• **Assigned task**:
All that is needed is each line of the entries holding the word "ultimately", copied as it stands.

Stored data
>>>>>

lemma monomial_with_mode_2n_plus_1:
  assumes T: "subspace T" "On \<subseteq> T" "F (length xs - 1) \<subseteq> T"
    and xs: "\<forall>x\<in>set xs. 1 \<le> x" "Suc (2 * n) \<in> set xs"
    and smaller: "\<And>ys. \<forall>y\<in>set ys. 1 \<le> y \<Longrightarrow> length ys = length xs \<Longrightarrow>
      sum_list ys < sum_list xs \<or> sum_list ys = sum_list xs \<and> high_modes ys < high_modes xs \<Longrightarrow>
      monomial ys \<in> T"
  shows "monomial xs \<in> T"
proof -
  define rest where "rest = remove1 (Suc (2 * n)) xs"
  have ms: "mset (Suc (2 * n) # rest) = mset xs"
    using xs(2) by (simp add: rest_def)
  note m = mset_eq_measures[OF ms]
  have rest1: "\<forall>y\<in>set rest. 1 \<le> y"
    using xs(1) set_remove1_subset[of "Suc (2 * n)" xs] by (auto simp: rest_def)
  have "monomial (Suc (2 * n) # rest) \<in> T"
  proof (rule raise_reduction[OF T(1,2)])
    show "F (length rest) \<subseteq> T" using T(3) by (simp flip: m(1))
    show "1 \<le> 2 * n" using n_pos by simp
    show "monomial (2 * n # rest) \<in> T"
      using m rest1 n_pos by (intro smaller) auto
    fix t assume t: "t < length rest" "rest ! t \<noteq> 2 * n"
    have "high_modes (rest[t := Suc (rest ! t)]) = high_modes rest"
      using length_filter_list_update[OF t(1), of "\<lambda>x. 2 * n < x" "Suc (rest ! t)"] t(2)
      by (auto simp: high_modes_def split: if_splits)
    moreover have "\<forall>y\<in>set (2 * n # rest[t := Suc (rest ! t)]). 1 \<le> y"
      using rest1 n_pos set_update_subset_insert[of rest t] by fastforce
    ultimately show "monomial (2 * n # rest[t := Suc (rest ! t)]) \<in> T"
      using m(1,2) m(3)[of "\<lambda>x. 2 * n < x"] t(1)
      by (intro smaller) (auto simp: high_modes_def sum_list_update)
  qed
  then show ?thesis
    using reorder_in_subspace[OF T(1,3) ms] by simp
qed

<<<<<
>>>>>

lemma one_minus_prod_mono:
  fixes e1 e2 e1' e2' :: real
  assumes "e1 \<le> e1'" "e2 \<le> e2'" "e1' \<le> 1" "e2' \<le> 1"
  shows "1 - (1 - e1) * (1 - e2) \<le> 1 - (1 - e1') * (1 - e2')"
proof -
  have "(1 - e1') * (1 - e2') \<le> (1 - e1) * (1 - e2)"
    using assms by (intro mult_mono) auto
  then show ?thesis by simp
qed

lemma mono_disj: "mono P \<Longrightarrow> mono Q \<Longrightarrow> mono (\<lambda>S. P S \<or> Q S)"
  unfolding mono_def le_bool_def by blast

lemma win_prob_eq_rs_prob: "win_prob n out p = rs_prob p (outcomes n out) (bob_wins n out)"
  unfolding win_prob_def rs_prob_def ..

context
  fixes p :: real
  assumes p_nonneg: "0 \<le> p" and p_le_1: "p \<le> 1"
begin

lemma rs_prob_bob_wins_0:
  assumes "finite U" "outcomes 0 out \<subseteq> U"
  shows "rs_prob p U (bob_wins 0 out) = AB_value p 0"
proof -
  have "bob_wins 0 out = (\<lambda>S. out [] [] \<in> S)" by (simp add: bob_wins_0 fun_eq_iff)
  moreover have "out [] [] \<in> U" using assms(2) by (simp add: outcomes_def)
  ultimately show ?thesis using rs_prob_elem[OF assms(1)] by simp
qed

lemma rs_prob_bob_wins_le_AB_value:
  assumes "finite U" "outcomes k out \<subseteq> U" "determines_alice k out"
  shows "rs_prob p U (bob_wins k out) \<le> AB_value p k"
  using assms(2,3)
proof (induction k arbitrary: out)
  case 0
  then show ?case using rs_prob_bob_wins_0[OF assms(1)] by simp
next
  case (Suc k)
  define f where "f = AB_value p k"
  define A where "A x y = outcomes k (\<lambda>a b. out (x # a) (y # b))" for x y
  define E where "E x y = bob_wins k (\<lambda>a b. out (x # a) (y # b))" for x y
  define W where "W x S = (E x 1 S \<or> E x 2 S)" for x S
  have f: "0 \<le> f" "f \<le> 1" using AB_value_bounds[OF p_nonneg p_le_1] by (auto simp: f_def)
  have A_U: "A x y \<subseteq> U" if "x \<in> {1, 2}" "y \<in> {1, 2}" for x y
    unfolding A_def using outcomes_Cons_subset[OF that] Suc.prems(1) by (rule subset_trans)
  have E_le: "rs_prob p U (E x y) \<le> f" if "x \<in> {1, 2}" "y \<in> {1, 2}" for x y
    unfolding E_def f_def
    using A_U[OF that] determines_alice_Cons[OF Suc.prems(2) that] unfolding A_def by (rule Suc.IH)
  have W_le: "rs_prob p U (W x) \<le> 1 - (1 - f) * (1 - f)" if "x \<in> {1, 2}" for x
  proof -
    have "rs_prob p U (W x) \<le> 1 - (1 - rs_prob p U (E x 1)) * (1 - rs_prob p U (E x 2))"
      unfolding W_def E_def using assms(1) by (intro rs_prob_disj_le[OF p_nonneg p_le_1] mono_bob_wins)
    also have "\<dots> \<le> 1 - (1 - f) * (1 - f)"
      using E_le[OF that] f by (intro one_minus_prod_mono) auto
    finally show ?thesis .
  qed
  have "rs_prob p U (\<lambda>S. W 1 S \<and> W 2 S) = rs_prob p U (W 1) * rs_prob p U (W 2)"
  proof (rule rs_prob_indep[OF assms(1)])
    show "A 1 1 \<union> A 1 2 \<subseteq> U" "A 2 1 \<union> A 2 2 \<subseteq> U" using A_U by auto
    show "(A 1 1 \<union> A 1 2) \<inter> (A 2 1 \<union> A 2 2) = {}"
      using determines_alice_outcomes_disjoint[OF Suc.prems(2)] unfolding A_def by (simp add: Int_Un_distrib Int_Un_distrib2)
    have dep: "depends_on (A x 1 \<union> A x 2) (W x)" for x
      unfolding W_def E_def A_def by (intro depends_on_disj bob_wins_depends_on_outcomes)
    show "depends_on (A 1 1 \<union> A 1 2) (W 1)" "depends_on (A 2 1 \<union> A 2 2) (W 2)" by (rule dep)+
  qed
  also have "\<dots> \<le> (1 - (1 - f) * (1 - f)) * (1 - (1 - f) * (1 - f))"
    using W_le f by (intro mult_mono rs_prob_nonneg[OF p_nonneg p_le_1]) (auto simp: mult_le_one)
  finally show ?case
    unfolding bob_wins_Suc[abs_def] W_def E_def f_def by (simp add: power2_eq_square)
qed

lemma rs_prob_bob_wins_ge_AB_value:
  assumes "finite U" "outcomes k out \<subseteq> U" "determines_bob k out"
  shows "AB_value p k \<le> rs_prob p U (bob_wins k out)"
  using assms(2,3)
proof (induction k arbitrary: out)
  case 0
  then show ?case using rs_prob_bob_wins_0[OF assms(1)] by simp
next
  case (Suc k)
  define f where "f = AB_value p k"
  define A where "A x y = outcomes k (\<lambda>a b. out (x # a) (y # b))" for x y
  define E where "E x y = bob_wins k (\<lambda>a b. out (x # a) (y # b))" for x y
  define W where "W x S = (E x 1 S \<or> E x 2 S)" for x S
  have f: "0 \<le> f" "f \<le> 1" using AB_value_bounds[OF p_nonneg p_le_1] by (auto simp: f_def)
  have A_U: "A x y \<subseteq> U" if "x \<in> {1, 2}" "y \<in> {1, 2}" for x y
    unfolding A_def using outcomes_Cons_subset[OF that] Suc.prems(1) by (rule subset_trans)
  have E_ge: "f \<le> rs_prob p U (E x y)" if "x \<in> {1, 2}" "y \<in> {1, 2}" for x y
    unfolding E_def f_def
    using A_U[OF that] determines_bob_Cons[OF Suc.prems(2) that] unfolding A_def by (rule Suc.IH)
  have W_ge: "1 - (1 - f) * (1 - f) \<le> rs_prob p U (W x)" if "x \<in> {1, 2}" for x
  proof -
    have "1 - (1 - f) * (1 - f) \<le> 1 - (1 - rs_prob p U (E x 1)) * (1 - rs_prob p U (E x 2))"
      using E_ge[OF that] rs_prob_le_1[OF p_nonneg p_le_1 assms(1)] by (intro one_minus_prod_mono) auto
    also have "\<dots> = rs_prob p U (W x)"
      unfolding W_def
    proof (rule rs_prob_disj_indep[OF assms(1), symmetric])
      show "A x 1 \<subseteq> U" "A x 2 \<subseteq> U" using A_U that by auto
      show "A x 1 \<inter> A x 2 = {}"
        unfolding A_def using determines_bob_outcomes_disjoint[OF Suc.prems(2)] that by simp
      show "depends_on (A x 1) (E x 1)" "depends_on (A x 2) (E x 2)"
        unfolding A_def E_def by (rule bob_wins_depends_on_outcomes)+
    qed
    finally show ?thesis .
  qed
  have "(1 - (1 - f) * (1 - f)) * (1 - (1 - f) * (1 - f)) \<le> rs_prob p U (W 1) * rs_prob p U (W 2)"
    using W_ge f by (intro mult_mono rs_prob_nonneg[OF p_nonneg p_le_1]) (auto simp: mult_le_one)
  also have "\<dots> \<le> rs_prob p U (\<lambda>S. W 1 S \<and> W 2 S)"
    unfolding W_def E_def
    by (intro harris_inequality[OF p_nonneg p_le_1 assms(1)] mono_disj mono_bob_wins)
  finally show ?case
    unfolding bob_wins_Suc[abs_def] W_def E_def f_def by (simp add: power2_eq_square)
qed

<<<<<
>>>>>

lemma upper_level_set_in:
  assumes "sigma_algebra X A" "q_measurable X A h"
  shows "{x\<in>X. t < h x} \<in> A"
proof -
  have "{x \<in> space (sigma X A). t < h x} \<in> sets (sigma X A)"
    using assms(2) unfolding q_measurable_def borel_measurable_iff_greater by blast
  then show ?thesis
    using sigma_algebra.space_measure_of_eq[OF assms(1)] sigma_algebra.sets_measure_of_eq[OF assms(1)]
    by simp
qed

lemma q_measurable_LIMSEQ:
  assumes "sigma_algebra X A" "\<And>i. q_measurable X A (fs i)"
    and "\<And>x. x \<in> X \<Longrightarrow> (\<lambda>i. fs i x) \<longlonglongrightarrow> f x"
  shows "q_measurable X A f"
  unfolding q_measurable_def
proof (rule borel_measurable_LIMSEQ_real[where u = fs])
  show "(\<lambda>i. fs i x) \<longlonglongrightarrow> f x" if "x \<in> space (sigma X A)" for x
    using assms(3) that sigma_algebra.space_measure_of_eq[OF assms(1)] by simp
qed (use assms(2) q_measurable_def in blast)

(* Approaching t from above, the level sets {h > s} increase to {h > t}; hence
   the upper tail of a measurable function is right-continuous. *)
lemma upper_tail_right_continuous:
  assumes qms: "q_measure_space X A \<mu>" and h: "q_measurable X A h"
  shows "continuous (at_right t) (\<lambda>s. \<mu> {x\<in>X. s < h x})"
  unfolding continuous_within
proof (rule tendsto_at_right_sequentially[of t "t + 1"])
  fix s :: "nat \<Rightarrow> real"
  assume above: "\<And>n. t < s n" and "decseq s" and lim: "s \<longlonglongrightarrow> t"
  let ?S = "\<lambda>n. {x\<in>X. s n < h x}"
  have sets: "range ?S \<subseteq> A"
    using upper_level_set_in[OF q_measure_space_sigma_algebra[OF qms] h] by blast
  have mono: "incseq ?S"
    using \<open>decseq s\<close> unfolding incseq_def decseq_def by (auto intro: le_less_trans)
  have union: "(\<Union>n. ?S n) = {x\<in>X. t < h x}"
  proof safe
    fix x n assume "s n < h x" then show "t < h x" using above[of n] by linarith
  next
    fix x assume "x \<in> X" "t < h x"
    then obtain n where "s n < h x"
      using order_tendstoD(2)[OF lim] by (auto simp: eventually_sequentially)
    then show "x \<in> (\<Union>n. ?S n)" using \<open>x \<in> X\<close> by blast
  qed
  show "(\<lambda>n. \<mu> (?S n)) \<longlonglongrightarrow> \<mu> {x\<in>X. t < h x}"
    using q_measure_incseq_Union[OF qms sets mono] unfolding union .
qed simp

<<<<<

• **Solved problem**:
    ultimately show "monomial (2 * n # rest[t := Suc (rest ! t)]) \<in> T"
  ultimately show ?thesis using rs_prob_elem[OF assms(1)] by simp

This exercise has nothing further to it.